> [EXERCISE GOAL]
Every record must be reproduced exactly. Leave none out.

··· RECORDS FOR THIS EXERCISE ···

(* Let $0<p<1/2$, let $c>0$ be a constant, and let $n$ be such that $k=c\log_2 n$ is an integer with $k\ge 2$. Let $s\in\{0,1\}^n$ be an arbitrary (unknown) source string, let $x\in\{0,1\}^k$, and let $i\in\{1,\dots,n-k+1\}$. Let $\epsilon_n>0$ and $\delta\in(0,1)$. (1) There is an estimator $\hat K_{s,x}[i]$, computed from $T$ independent traces of $s$, such that if $T\ge \ln\!\left(\frac{2}{\delta}\right)\epsilon_n^{-2} f_c(n)$ then $|\hat K_{s,x}[i]-K_{s,x}[i]|<\epsilon_n$ with probability at least $1-\delta$. (2) There is an estimator $\hat K_s$ of the whole $k$-mer density map, computed from $T$ independent traces of $s$, such that if $T\ge \ln\!\left(\frac{2n^{1+c}}{\delta}\right)\epsilon_n^{-2} f_c(n)$ then $\|\hat K_s-K_s\|_\infty<\epsilon_n$ with probability at least $1-\delta$.
   Context: Deletion channel: for $s\in\{0,1\}^n$ and deletion probability $p\in[0,1)$, a trace $\tilde S$ of $s$ is the (possibly shorter) string obtained by deleting each bit of $s$ independently with probability $p$; distinct traces are independent. Strings are indexed from 1 and $s[a:b]=(s[a],\dots,s[b])$. For $x\in\{0,1\}^k$ and $i\in\{1,\dots,n-k+1\}$, the $k$-mer density is $K_{s,x}[i]=\sum_{j=1}^{n-k+1}\binom{j-1}{i-1}(1-p)^{i-1}p^{j-i}\,\mathbb 1\{s[j:j+k-1]=x\}$ (with $\binom{j-1}{i-1}=0$ if $j<i$). The $k$-mer density map $K_s$ is the vector obtained by concatenating $K_{s,x}$ over all $x\in\{0,1\}^k$, and $\|\cdot\|_\infty$ is the max of absolute values of entries. $H(q)=-q\log_2 q-(1-q)\log_2(1-q)$ is the binary entropy. Define $\alpha_c(p)=1+c\log_2\!\frac{1-p}{p}+\frac{cH\left(1-\frac{p}{1-p}\right)+c\log_2\frac{p}{1-p}}{1-\frac{p}{1-p}}$ and $f_c(n)=\frac{\left(1+2n^{\alpha_c(p)}\right)^2}{2\,n^{2c\log_2(1-p)-1}}$. *)

theory Defs
  imports "HOL-Probability.Probability"
begin
lemma eq_manifold_imp_solutions:
  assumes K: "normalized_kernel K" "even_kernel K" and "M \<in> eq_manifold K"
  obtains W \<rho> U \<theta> where "0 < \<rho>" "0 < \<theta>" "W \<in> solutions K \<rho> U \<theta>"
proof -
  define \<theta> where "\<theta> = (M 0 * M 2 - (M 1)\<^sup>2) / (M 0)\<^sup>2"
  have image: "M \<in> Mvec K ` Omega_tot"
    and eqs: "\<forall>j\<le>4. M j = M 0 * Delta_eq j (M 1 / M 0) (sqrt \<theta>)"
    using assms(3) unfolding mem_eq_manifold_iff \<theta>_def by blast+
  from image obtain w1 u1 w2 u2 \<sigma> where W: "(w1, u1, w2, u2, \<sigma>) \<in> Omega_tot"
    and M: "M = Mvec K (w1, u1, w2, u2, \<sigma>)"
    by (metis imageE prod_cases5)
  then have pos: "0 < w1" "0 < w2" "0 < \<sigma>"
    by (auto simp: Omega_tot_def)
  have M012: "M 0 = w1 + w2" "M 1 = w1 * u1 + w2 * u2"
    "M 2 = w1 * (u1\<^sup>2 + \<sigma>\<^sup>2) + w2 * (u2\<^sup>2 + \<sigma>\<^sup>2)"
    using Delta_low_moments[OF K pos(3)] by (simp_all add: M Mvec_def Mj_def)
  have "M 0 > 0"
    using pos by (simp add: M012)
  moreover have "\<theta> > 0"
  proof -
    have "M 0 * M 2 - (M 1)\<^sup>2 = (w1 + w2)\<^sup>2 * \<sigma>\<^sup>2 + w1 * w2 * (u1 - u2)\<^sup>2"
      unfolding M012 by algebra
    also have "\<dots> > 0"
      using pos by (simp add: add_pos_nonneg)
    finally show ?thesis
      using \<open>M 0 > 0\<close> by (simp add: \<theta>_def)
  qed
  moreover have "(w1, u1, w2, u2, \<sigma>) \<in> solutions K (M 0) (M 1 / M 0) \<theta>"
    unfolding solutions_def mem_Collect_eq
  proof (intro conjI allI impI)
    fix j :: nat
    assume "j \<le> 4"
    then have "Mj K (w1, u1, w2, u2, \<sigma>) j = M j"
      by (simp add: M Mvec_def)
    also have "\<dots> = M 0 * Delta_eq j (M 1 / M 0) (sqrt \<theta>)"
      using eqs \<open>j \<le> 4\<close> by blast
    finally show "Mj K (w1, u1, w2, u2, \<sigma>) j = M 0 * Delta_eq j (M 1 / M 0) (sqrt \<theta>)" .
  qed (rule W)
  ultimately show ?thesis
    by (rule that)
qed

lemma eq_manifold_nonempty_iff:
  assumes K: "normalized_kernel K" "even_kernel K"
  shows "eq_manifold K \<noteq> {} \<longleftrightarrow> 3 \<le> kmoment K 4"
proof
  assume "eq_manifold K \<noteq> {}"
  then obtain W \<rho> U \<theta> where "0 < \<theta>" "W \<in> solutions K \<rho> U \<theta>"
    using eq_manifold_imp_solutions[OF K] by blast
  then have "symmetric_solutions (kmoment K 4) \<rho> U \<theta> \<noteq> {}"
    using solutions_eq_symmetric_solutions[OF K, of \<theta> \<rho> U] by auto
  then have "\<not> kmoment K 4 < 3"
    using symmetric_solutions_subcritical by blast
  then show "3 \<le> kmoment K 4"
    by simp
next
  assume "3 \<le> kmoment K 4"
  have "symmetric_solutions (kmoment K 4) 1 0 1 \<noteq> {}"
  proof (cases "kmoment K 4 = 3")
    case True
    have "(1 / 2, 0, 1 / 2, 0, sqrt 1) \<in> symmetric_solutions 3 1 0 1"
      unfolding symmetric_solutions_critical[OF zero_less_one] by (intro CollectI exI[of _ "1 / 2"] conjI) auto
    then show ?thesis
      using True by auto
  next
    case False
    then show ?thesis
      using \<open>3 \<le> kmoment K 4\<close> symmetric_solutions_supercritical[of "kmoment K 4" 1 1] by auto
  qed
  then obtain W where "W \<in> solutions K 1 0 1"
    using solutions_eq_symmetric_solutions[OF K, of 1 1 0] by auto
  then have "Mvec K W \<in> eq_manifold K"
    by (rule Mvec_mem_eq_manifold) simp_all
  then show "eq_manifold K \<noteq> {}"
    by blast
qed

···

> [RESPONSE AREA]
(* Let $0<p<1/2$, let $c>0$ be a constant, and let $n$ be such that $k=c\log_2 n$ is an integer with $k\ge 2$. Let $s\in\{0,1\}^n$ be an arbitrary (unknown) source string, let $x\in\{0,1\}^k$, and let $i\in\{1,\dots,n-k+1\}$. Let $\epsilon_n>0$ and $\delta\in(0,1)$. (1) There is an estimator $\hat K_{s,x}[i]$, computed from $T$ independent traces of $s$, such that if $T\ge \ln\!\left(\frac{2}{\delta}\right)\epsilon_n^{-2} f_c(n)$ then $|\hat K_{s,x}[i]-K_{s,x}[i]|<\epsilon_n$ with probability at least $1-\delta$. (2) There is an estimator $\hat K_s$ of the whole $k$-mer density map, computed from $T$ independent traces of $s$, such that if $T\ge \ln\!\left(\frac{2n^{1+c}}{\delta}\right)\epsilon_n^{-2} f_c(n)$ then $\|\hat K_s-K_s\|_\infty<\epsilon_n$ with probability at least $1-\delta$.
   Context: Deletion channel: for $s\in\{0,1\}^n$ and deletion probability $p\in[0,1)$, a trace $\tilde S$ of $s$ is the (possibly shorter) string obtained by deleting each bit of $s$ independently with probability $p$; distinct traces are independent. Strings are indexed from 1 and $s[a:b]=(s[a],\dots,s[b])$. For $x\in\{0,1\}^k$ and $i\in\{1,\dots,n-k+1\}$, the $k$-mer density is $K_{s,x}[i]=\sum_{j=1}^{n-k+1}\binom{j-1}{i-1}(1-p)^{i-1}p^{j-i}\,\mathbb 1\{s[j:j+k-1]=x\}$ (with $\binom{j-1}{i-1}=0$ if $j<i$). The $k$-mer density map $K_s$ is the vector obtained by concatenating $K_{s,x}$ over all $x\in\{0,1\}^k$, and $\|\cdot\|_\infty$ is the max of absolute values of entries. $H(q)=-q\log_2 q-(1-q)\log_2(1-q)$ is the binary entropy. Define $\alpha_c(p)=1+c\log_2\!\frac{1-p}{p}+\frac{cH\left(1-\frac{p}{1-p}\right)+c\log_2\frac{p}{1-p}}{1-\frac{p}{1-p}}$ and $f_c(n)=\frac{\left(1+2n^{\alpha_c(p)}\right)^2}{2\,n^{2c\log_2(1-p)-1}}$. *)

theory Defs
  imports "HOL-Probability.Probability"
begin
lemma eq_manifold_imp_solutions:
  assumes K: "normalized_kernel K" "even_kernel K" and "M \<in> eq_manifold K"
  obtains W \<rho> U \<theta> where "0 < \<rho>" "0 < \<theta>" "W \<in> solutions K \<rho> U \<theta>"
proof -
  define \<theta> where "\<theta> = (M 0 * M 2 - (M 1)\<^sup>2) / (M 0)\<^sup>2"
  have image: "M \<in> Mvec K ` Omega_tot"
    and eqs: "\<forall>j\<le>4. M j = M 0 * Delta_eq j (M 1 / M 0) (sqrt \<theta>)"
    using assms(3) unfolding mem_eq_manifold_iff \<theta>_def by blast+
  from image obtain w1 u1 w2 u2 \<sigma> where W: "(w1, u1, w2, u2, \<sigma>) \<in> Omega_tot"
    and M: "M = Mvec K (w1, u1, w2, u2, \<sigma>)"
    by (metis imageE prod_cases5)
  then have pos: "0 < w1" "0 < w2" "0 < \<sigma>"
    by (auto simp: Omega_tot_def)
  have M012: "M 0 = w1 + w2" "M 1 = w1 * u1 + w2 * u2"
    "M 2 = w1 * (u1\<^sup>2 + \<sigma>\<^sup>2) + w2 * (u2\<^sup>2 + \<sigma>\<^sup>2)"
    using Delta_low_moments[OF K pos(3)] by (simp_all add: M Mvec_def Mj_def)
  have "M 0 > 0"
    using pos by (simp add: M012)
  moreover have "\<theta> > 0"
  proof -
    have "M 0 * M 2 - (M 1)\<^sup>2 = (w1 + w2)\<^sup>2 * \<sigma>\<^sup>2 + w1 * w2 * (u1 - u2)\<^sup>2"
      unfolding M012 by algebra
    also have "\<dots> > 0"
      using pos by (simp add: add_pos_nonneg)
    finally show ?thesis
      using \<open>M 0 > 0\<close> by (simp add: \<theta>_def)
  qed
  moreover have "(w1, u1, w2, u2, \<sigma>) \<in> solutions K (M 0) (M 1 / M 0) \<theta>"
    unfolding solutions_def mem_Collect_eq
  proof (intro conjI allI impI)
    fix j :: nat
    assume "j \<le> 4"
    then have "Mj K (w1, u1, w2, u2, \<sigma>) j = M j"
      by (simp add: M Mvec_def)
    also have "\<dots> = M 0 * Delta_eq j (M 1 / M 0) (sqrt \<theta>)"
      using eqs \<open>j \<le> 4\<close> by blast
    finally show "Mj K (w1, u1, w2, u2, \<sigma>) j = M 0 * Delta_eq j (M 1 / M 0) (sqrt \<theta>)" .
  qed (rule W)
  ultimately show ?thesis
    by (rule that)
qed

lemma eq_manifold_nonempty_iff:
  assumes K: "normalized_kernel K" "even_kernel K"
  shows "eq_manifold K \<noteq> {} \<longleftrightarrow> 3 \<le> kmoment K 4"
proof
  assume "eq_manifold K \<noteq> {}"
  then obtain W \<rho> U \<theta> where "0 < \<theta>" "W \<in> solutions K \<rho> U \<theta>"
    using eq_manifold_imp_solutions[OF K] by blast
  then have "symmetric_solutions (kmoment K 4) \<rho> U \<theta> \<noteq> {}"
    using solutions_eq_symmetric_solutions[OF K, of \<theta> \<rho> U] by auto
  then have "\<not> kmoment K 4 < 3"
    using symmetric_solutions_subcritical by blast
  then show "3 \<le> kmoment K 4"
    by simp
next
  assume "3 \<le> kmoment K 4"
  have "symmetric_solutions (kmoment K 4) 1 0 1 \<noteq> {}"
  proof (cases "kmoment K 4 = 3")
    case True
    have "(1 / 2, 0, 1 / 2, 0, sqrt 1) \<in> symmetric_solutions 3 1 0 1"
      unfolding symmetric_solutions_critical[OF zero_less_one] by (intro CollectI exI[of _ "1 / 2"] conjI) auto
    then show ?thesis
      using True by auto
  next
    case False
    then show ?thesis
      using \<open>3 \<le> kmoment K 4\<close> symmetric_solutions_supercritical[of "kmoment K 4" 1 1] by auto
  qed
  then obtain W where "W \<in> solutions K 1 0 1"
    using solutions_eq_symmetric_solutions[OF K, of 1 1 0] by auto
  then have "Mvec K W \<in> eq_manifold K"
    by (rule Mvec_mem_eq_manifold) simp_all
  then show "eq_manifold K \<noteq> {}"
    by blast
qed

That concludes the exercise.